1 Department of Organic and Inorganic Chemistry, Faculty of Sciences, and IACYS-Green Chemistry and Sustainable Development Unit, University of Extremadura, E-06006 Badajoz, Spain.
2 Department of Chemistry and Biochemistry, Concordia University, 7141 Sherbrooke Street West, H4B 1R6 Montreal, Canada.
3 Department of Chemistry, Faculty of Natural and Environmental Sciences, University of Southampton, Southampton SO17 1BJ, U.K.
4 Department of Crystallography and Mineralogy, University Complutense, 28040 Madrid, Spain.

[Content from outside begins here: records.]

(* Let $(X,\mathscr{A},\mu)$ be a $\sigma$-finite measure space, $\phi$ a nonsingular transformation of $X$ with $\mathsf{h}_\phi<\infty$ a.e. $[\mu]$, and $P\colon X\times\mathfrak{B}(\mathbb{R}_+)\to[0,1]$ an $\mathscr{A}$-measurable family of probability measures satisfying the strong consistency condition (SCC): $P(x,\sigma)=\dfrac{\int_\sigma t\,P(\phi(x),\mathrm{d}t)}{\mathsf{h}_\phi(\phi(x))}$ for $\mu$-a.e. $x\in X$, for every $\sigma\in\mathfrak{B}(\mathbb{R}_+)$. Then $P(x,\{0\})=0$ for $\mu$-a.e. $x\in X$, and for every Borel function $f\colon\mathbb{R}_+\to[0,\infty]$ and every $n\in\mathbb{N}$, $$\int_0^\infty f(t)P(x,\mathrm{d}t)=\frac{\int_0^\infty f(t)t^nP(\phi^n(x),\mathrm{d}t)}{\prod_{j=1}^n\mathsf{h}_\phi(\phi^j(x))}\quad\text{for }\mu\text{-a.e. }x\in X.$$ In particular, for all $n\in\mathbb{N}$ and $m\in\mathbb{Z}$: (i) $\int_\sigma t^mP(x,\mathrm{d}t)=\frac{\int_\sigma t^{m+n}P(\phi^n(x),\mathrm{d}t)}{\prod_{j=1}^n\mathsf{h}_\phi(\phi^j(x))}$ for $\mu$-a.e. $x$ and every $\sigma\in\mathfrak{B}(\mathbb{R}_+)$; (ii) $\int_\sigma t^mP(x,\mathrm{d}t)=\frac{\int_\sigma t^{m+n}P(\phi^n(x),\mathrm{d}t)}{\int_0^\infty t^nP(\phi^n(x),\mathrm{d}t)}$ for $\mu$-a.e. $x$ and every $\sigma\in\mathfrak{B}(\mathbb{R}_+)$; (iii) $\int_\sigma\frac1{t^n}P(x,\mathrm{d}t)=\frac{P(\phi^n(x),\sigma)}{\prod_{j=1}^n\mathsf{h}_\phi(\phi^j(x))}$ for $\mu$-a.e. $x$ and every $\sigma\in\mathfrak{B}(\mathbb{R}_+)$; (iv) $\int_0^\infty t^nP(\phi^n(x),\mathrm{d}t)=\prod_{j=1}^n\mathsf{h}_\phi(\phi^j(x))$ for $\mu$-a.e. $x$; (v) $\int_0^\infty\frac1{t^n}P(x,\mathrm{d}t)=\frac1{\prod_{j=1}^n\mathsf{h}_\phi(\phi^j(x))}$ for $\mu$-a.e. $x$. Moreover, if $\mathsf{h}_\phi>0$ a.e. $[\mu]$, then $\mathsf{E}(\mathsf{h}_{\phi^n})=\mathsf{h}_{\phi^n}$ a.e. $[\mu]$ for every $n\in\mathbb{Z}_+$.
   Context: $\mathbb{R}_+=[0,\infty)$, $\mathbb{N}=\{1,2,\dots\}$, $\mathbb{Z}_+=\{0,1,\dots\}$. Conventions: $0\cdot\infty=\infty\cdot0=0$, $1/0=\infty$, $0/0=1$. Nonsingular: $\phi^{-1}(\Delta)\in\mathscr{A}$ for $\Delta\in\mathscr{A}$ and $\mu(\phi^{-1}(\Delta))=0$ when $\mu(\Delta)=0$. $\phi^n$ is the $n$-fold composition; $\mathsf{h}_{\phi^n}$ is the Radon–Nikodym derivative of $\mu\circ(\phi^n)^{-1}$ w.r.t. $\mu$. $\mathsf{E}(f)$ is the conditional expectation of an $\mathscr{A}$-measurable $f\ge0$ w.r.t. $\phi^{-1}(\mathscr{A})$: the a.e. unique $\phi^{-1}(\mathscr{A})$-measurable function with $\int(g\circ\phi)f\,\mathrm{d}\mu=\int(g\circ\phi)\mathsf{E}(f)\,\mathrm{d}\mu$ for all $\mathscr{A}$-measurable $g\ge0$. $\mathscr{A}$-measurable family of probability measures: each $P(x,\cdot)$ a Borel probability measure on $\mathbb{R}_+$, each $P(\cdot,\sigma)$ $\mathscr{A}$-measurable. *)

theory Defs
  imports "HOL-Probability.Probability"
begin

definition borel_pos :: "real measure" where
  "borel_pos = restrict_space borel {0..}"

definition nonsingular :: "'a measure \<Rightarrow> ('a \<Rightarrow> 'a) \<Rightarrow> bool" where
  "nonsingular M \<phi> \<longleftrightarrow> \<phi> \<in> measurable M M \<and>
     (\<forall>A\<in>sets M. emeasure M A = 0 \<longrightarrow> emeasure M (\<phi> -` A \<inter> space M) = 0)"

definition hphi :: "'a measure \<Rightarrow> ('a \<Rightarrow> 'a) \<Rightarrow> 'a \<Rightarrow> ennreal" where
  "hphi M \<phi> = RN_deriv M (distr M M \<phi>)"

text \<open>Division on [0,\<infinity>] with the paper's conventions 1/0 = \<infinity>, 0/0 = 1.\<close>
definition ediv :: "ennreal \<Rightarrow> ennreal \<Rightarrow> ennreal" where
  "ediv a b = (if a = 0 \<and> b = 0 then 1 else a / b)"

text \<open>Integer power t^m of t \<ge> 0 in [0,\<infinity>] (with 1/0 = \<infinity>).\<close>
definition tpow :: "real \<Rightarrow> int \<Rightarrow> ennreal" where
  "tpow t m = (if 0 \<le> m then ennreal t ^ nat m else inverse (ennreal t ^ nat (- m)))"

text \<open>g is a version of the conditional expectation E(f) of f w.r.t. phi^{-1}(A).\<close>
definition is_cond_exp :: "'a measure \<Rightarrow> ('a \<Rightarrow> 'a) \<Rightarrow> ('a \<Rightarrow> ennreal) \<Rightarrow> ('a \<Rightarrow> ennreal) \<Rightarrow> bool" where
  "is_cond_exp M \<phi> f g \<longleftrightarrow> g \<in> borel_measurable (vimage_algebra (space M) \<phi> M) \<and>
     (\<forall>u\<in>borel_measurable M. (\<integral>\<^sup>+x. u (\<phi> x) * f x \<partial>M) = (\<integral>\<^sup>+x. u (\<phi> x) * g x \<partial>M))"

end

theory Submission
  imports Defs
begin

(* Testing the consistency condition on the countable, intersection-stable generator
   {[0,r] : r rational} of the Borel sets of [0,\<infinity>) shows that, for a.e. x, P x has density
   t / h(\<phi> x) with respect to P (\<phi> x), where 0 < h(\<phi> x) < \<infinity> a.e. because \<phi> is nonsingular.
   Iterating along the orbit gives P x = t^n / (h(\<phi> x) \<cdots> h(\<phi>^n x)) \<cdot> P (\<phi>^n x); all the
   integral identities follow from this, and P x {0} = 0 because the density vanishes at 0.
   For the last claim, the change of variables \<integral> u \<circ> \<phi> d\<mu> = \<integral> h u d\<mu> and induction identify
   h_{\<phi>^n} with the n-th moment x \<mapsto> \<integral> t^n P(x,dt), which by the first identity equals
   (\<integral> t^(n+1) P(\<phi> x,dt)) / h(\<phi> x) a.e. and is therefore \<phi>\<inverse>(\<A>)-measurable. Hence it is its own
   conditional expectation, and conditional expectations are unique a.e. because h < \<infinity> makes
   \<mu> restricted to \<phi>\<inverse>(\<A>) \<sigma>-finite. *)

lemma AE_nonsingular_comp:
  assumes ns: "nonsingular M \<phi>" and ae: "AE x in M. Q x"
  shows "AE x in M. Q (\<phi> x)"
proof -
  obtain N where N: "N \<in> null_sets M" "{x\<in>space M. \<not> Q x} \<subseteq> N"
    using ae by (auto simp: eventually_ae_filter)
  have \<phi>: "\<phi> \<in> measurable M M"
    using ns by (simp add: nonsingular_def)
  have "\<phi> -` N \<inter> space M \<in> null_sets M"
    using ns N(1) \<phi> by (auto simp: nonsingular_def null_sets_def)
  moreover have "{x\<in>space M. \<not> Q (\<phi> x)} \<subseteq> \<phi> -` N \<inter> space M"
    using N(2) measurable_space[OF \<phi>] by auto
  ultimately show ?thesis
    by (rule AE_I')
qed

This paper documents and reinvestigates the solid-state and crystal structures of 4,4'-azobis-4-cyanopentanoic acid (ACPA), a water-soluble azobis-nitrile of immense utility as a radical initiator in living polymerizations and a labile mechanophore that can be embedded within long polymer chains to undergo selective scission under mechanical activation. Surprisingly, for such applications, both the commercially available reagent and their derivatives are used as "single initiators" when this azonitrile is actually a mixture of stereoisomers. Although the racemate and meso compounds were identified more than half a century ago and their enantiomers were separated by classical resolution, there have been confusing narratives dealing with their characterization, the existence of a conglomeratic phase, and fractional crystallization. Our results report on the X-ray crystal structures of all stereoisomers for the first time, along with further details on enantiodiscrimination and the always intriguing arguments accounting for the stability of homochiral versus heterochiral crystal aggregates. To this end, metadynamic (MTD) simulations on stereoisomer molecular aggregates were performed to capture the incipient nucleation events at the picosecond time scale. This analysis sheds light on the driving homochiral aggregation of ACPA enantiomers.